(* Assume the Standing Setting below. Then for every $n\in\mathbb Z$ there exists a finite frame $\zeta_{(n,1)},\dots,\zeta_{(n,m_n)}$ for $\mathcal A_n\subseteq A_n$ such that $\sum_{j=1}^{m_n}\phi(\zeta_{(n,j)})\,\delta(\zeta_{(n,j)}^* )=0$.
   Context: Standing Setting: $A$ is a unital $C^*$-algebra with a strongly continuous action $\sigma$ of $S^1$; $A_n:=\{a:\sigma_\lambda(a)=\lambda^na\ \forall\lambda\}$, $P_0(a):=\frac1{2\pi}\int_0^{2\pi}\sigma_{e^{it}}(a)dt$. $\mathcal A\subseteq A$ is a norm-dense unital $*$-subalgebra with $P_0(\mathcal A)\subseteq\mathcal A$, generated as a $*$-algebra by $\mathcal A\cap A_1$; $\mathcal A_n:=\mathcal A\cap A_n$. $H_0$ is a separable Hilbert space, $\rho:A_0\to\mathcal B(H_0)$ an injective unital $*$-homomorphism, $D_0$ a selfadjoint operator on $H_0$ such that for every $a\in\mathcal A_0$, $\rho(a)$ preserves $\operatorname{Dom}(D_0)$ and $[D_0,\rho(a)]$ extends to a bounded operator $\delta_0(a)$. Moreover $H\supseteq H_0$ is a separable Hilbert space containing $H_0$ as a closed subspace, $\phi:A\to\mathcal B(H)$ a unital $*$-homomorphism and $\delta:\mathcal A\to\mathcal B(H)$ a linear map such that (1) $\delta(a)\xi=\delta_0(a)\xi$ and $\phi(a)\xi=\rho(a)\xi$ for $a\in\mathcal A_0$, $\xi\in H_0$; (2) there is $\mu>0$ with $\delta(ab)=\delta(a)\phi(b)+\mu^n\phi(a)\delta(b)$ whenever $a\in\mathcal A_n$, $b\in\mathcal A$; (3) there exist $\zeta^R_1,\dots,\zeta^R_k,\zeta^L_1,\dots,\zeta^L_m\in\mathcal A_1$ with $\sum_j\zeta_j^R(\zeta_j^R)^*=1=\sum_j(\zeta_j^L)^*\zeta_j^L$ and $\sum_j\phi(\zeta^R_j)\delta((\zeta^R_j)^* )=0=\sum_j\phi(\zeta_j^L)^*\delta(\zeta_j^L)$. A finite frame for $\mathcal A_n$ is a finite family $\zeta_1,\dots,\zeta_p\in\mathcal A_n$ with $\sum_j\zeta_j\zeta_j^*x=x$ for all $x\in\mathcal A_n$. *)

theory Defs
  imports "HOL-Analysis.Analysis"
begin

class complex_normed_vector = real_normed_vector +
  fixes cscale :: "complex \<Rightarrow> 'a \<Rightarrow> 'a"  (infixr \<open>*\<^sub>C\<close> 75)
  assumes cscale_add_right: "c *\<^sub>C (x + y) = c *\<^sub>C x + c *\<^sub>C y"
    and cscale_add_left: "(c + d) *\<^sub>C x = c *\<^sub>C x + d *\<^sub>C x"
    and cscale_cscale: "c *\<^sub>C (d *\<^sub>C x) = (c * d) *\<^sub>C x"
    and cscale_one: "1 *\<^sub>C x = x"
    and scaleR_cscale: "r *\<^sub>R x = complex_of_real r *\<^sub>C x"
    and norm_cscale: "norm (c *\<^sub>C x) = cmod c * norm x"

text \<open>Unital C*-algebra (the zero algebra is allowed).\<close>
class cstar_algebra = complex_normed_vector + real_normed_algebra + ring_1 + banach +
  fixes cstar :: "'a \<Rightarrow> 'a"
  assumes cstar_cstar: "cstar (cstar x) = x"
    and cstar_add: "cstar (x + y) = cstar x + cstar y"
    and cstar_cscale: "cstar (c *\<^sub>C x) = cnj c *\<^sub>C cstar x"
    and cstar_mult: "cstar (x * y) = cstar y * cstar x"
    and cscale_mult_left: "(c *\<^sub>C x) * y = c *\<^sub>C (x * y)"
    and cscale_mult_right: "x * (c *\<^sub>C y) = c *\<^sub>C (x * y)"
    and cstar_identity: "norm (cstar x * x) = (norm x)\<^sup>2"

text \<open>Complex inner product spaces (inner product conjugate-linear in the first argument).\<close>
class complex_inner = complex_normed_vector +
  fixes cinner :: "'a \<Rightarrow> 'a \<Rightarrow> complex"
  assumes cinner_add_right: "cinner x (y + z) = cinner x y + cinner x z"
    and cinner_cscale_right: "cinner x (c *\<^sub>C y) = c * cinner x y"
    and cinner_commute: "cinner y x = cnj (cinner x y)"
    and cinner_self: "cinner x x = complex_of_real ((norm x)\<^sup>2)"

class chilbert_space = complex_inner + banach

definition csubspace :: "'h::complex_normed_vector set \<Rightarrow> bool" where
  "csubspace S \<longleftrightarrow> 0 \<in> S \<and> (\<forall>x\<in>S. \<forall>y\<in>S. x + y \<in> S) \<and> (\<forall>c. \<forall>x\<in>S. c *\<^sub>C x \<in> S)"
--- --- ---
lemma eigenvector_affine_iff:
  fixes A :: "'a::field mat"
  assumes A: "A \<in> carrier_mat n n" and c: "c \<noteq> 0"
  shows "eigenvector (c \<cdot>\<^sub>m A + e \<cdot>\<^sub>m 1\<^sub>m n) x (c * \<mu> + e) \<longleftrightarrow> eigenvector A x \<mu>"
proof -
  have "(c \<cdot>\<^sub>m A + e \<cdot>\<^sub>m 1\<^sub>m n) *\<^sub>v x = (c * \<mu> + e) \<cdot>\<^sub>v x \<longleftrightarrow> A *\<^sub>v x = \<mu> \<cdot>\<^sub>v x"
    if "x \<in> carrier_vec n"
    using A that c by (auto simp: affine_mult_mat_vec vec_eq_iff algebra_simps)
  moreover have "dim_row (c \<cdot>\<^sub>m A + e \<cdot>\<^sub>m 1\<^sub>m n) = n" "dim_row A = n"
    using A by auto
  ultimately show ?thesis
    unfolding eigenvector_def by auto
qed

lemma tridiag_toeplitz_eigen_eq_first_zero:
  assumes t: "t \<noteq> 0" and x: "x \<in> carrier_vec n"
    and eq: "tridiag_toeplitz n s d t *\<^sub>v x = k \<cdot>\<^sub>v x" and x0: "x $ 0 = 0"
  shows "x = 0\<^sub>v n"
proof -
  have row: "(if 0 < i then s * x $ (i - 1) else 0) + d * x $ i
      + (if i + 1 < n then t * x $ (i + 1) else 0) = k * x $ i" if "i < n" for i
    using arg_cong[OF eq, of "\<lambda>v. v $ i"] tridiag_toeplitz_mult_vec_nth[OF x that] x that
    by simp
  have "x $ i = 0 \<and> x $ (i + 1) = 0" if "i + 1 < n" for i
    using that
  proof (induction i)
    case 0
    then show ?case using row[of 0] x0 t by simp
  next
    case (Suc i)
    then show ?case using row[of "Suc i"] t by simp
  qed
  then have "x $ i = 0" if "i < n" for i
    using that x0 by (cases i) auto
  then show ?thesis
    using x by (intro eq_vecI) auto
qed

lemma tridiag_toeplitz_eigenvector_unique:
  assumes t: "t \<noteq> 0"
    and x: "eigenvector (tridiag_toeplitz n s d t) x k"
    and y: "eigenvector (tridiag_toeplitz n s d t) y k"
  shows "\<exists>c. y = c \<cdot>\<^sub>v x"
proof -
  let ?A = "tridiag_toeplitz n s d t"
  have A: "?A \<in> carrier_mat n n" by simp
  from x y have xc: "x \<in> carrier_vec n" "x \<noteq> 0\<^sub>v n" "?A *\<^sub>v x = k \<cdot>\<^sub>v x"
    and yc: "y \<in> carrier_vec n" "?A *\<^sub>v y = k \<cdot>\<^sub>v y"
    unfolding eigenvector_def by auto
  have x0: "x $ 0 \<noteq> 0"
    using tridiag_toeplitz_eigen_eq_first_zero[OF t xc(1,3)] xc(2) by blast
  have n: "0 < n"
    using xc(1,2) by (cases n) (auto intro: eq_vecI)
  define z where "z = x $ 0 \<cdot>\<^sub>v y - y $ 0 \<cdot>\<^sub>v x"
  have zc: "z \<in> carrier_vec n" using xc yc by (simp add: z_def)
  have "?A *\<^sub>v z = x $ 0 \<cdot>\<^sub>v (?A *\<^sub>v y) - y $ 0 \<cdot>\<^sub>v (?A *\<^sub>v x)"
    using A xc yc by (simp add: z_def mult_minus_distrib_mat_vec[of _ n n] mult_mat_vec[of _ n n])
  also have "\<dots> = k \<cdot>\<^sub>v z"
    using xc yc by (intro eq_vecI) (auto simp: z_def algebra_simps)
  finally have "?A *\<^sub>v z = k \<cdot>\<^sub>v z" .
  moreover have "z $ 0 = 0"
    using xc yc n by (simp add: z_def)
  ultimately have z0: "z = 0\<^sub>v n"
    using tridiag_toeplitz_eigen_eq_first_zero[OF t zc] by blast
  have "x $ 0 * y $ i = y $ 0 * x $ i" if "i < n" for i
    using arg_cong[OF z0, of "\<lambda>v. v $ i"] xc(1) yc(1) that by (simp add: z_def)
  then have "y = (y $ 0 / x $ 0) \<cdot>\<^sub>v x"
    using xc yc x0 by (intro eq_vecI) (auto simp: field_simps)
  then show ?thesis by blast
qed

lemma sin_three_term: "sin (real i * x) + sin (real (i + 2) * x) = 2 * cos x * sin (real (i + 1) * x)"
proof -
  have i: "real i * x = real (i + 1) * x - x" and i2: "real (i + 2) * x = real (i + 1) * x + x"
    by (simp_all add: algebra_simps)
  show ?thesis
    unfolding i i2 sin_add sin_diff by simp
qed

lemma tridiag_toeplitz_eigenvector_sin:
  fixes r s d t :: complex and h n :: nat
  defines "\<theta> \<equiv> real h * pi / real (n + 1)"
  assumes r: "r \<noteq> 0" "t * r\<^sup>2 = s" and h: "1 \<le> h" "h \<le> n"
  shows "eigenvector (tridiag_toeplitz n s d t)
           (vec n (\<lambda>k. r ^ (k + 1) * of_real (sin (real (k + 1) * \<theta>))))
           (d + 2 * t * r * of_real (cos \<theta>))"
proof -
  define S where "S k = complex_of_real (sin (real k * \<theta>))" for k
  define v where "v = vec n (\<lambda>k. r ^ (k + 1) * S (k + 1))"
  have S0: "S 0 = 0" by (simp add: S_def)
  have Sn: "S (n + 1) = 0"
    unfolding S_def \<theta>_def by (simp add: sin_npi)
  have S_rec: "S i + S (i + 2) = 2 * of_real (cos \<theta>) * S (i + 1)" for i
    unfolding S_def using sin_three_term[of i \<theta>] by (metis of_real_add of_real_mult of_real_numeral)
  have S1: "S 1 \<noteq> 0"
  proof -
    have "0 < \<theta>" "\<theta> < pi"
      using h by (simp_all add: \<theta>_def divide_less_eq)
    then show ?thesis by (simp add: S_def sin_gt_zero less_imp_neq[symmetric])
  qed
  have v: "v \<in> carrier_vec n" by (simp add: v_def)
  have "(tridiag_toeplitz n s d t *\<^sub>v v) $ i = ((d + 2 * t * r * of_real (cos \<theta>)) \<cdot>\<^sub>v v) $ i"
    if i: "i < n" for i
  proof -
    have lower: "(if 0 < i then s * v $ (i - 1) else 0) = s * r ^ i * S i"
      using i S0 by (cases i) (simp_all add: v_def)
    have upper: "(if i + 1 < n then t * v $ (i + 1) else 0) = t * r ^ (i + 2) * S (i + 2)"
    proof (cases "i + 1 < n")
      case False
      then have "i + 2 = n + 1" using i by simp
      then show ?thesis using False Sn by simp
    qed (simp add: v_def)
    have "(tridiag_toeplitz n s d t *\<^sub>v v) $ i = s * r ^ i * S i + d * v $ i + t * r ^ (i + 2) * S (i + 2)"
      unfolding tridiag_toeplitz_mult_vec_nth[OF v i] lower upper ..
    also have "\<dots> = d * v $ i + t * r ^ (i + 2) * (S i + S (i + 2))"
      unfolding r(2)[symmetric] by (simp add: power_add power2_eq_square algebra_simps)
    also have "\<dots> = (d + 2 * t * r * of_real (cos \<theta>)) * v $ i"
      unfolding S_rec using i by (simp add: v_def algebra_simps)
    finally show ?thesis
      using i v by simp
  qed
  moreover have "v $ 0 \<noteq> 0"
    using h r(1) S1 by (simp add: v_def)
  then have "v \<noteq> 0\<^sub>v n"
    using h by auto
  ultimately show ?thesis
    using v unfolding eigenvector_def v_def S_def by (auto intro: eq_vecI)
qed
--- --- ---
What is required => Look at the entries above. Say how many lines have the word "fixes", and give only the number.

Solution => 5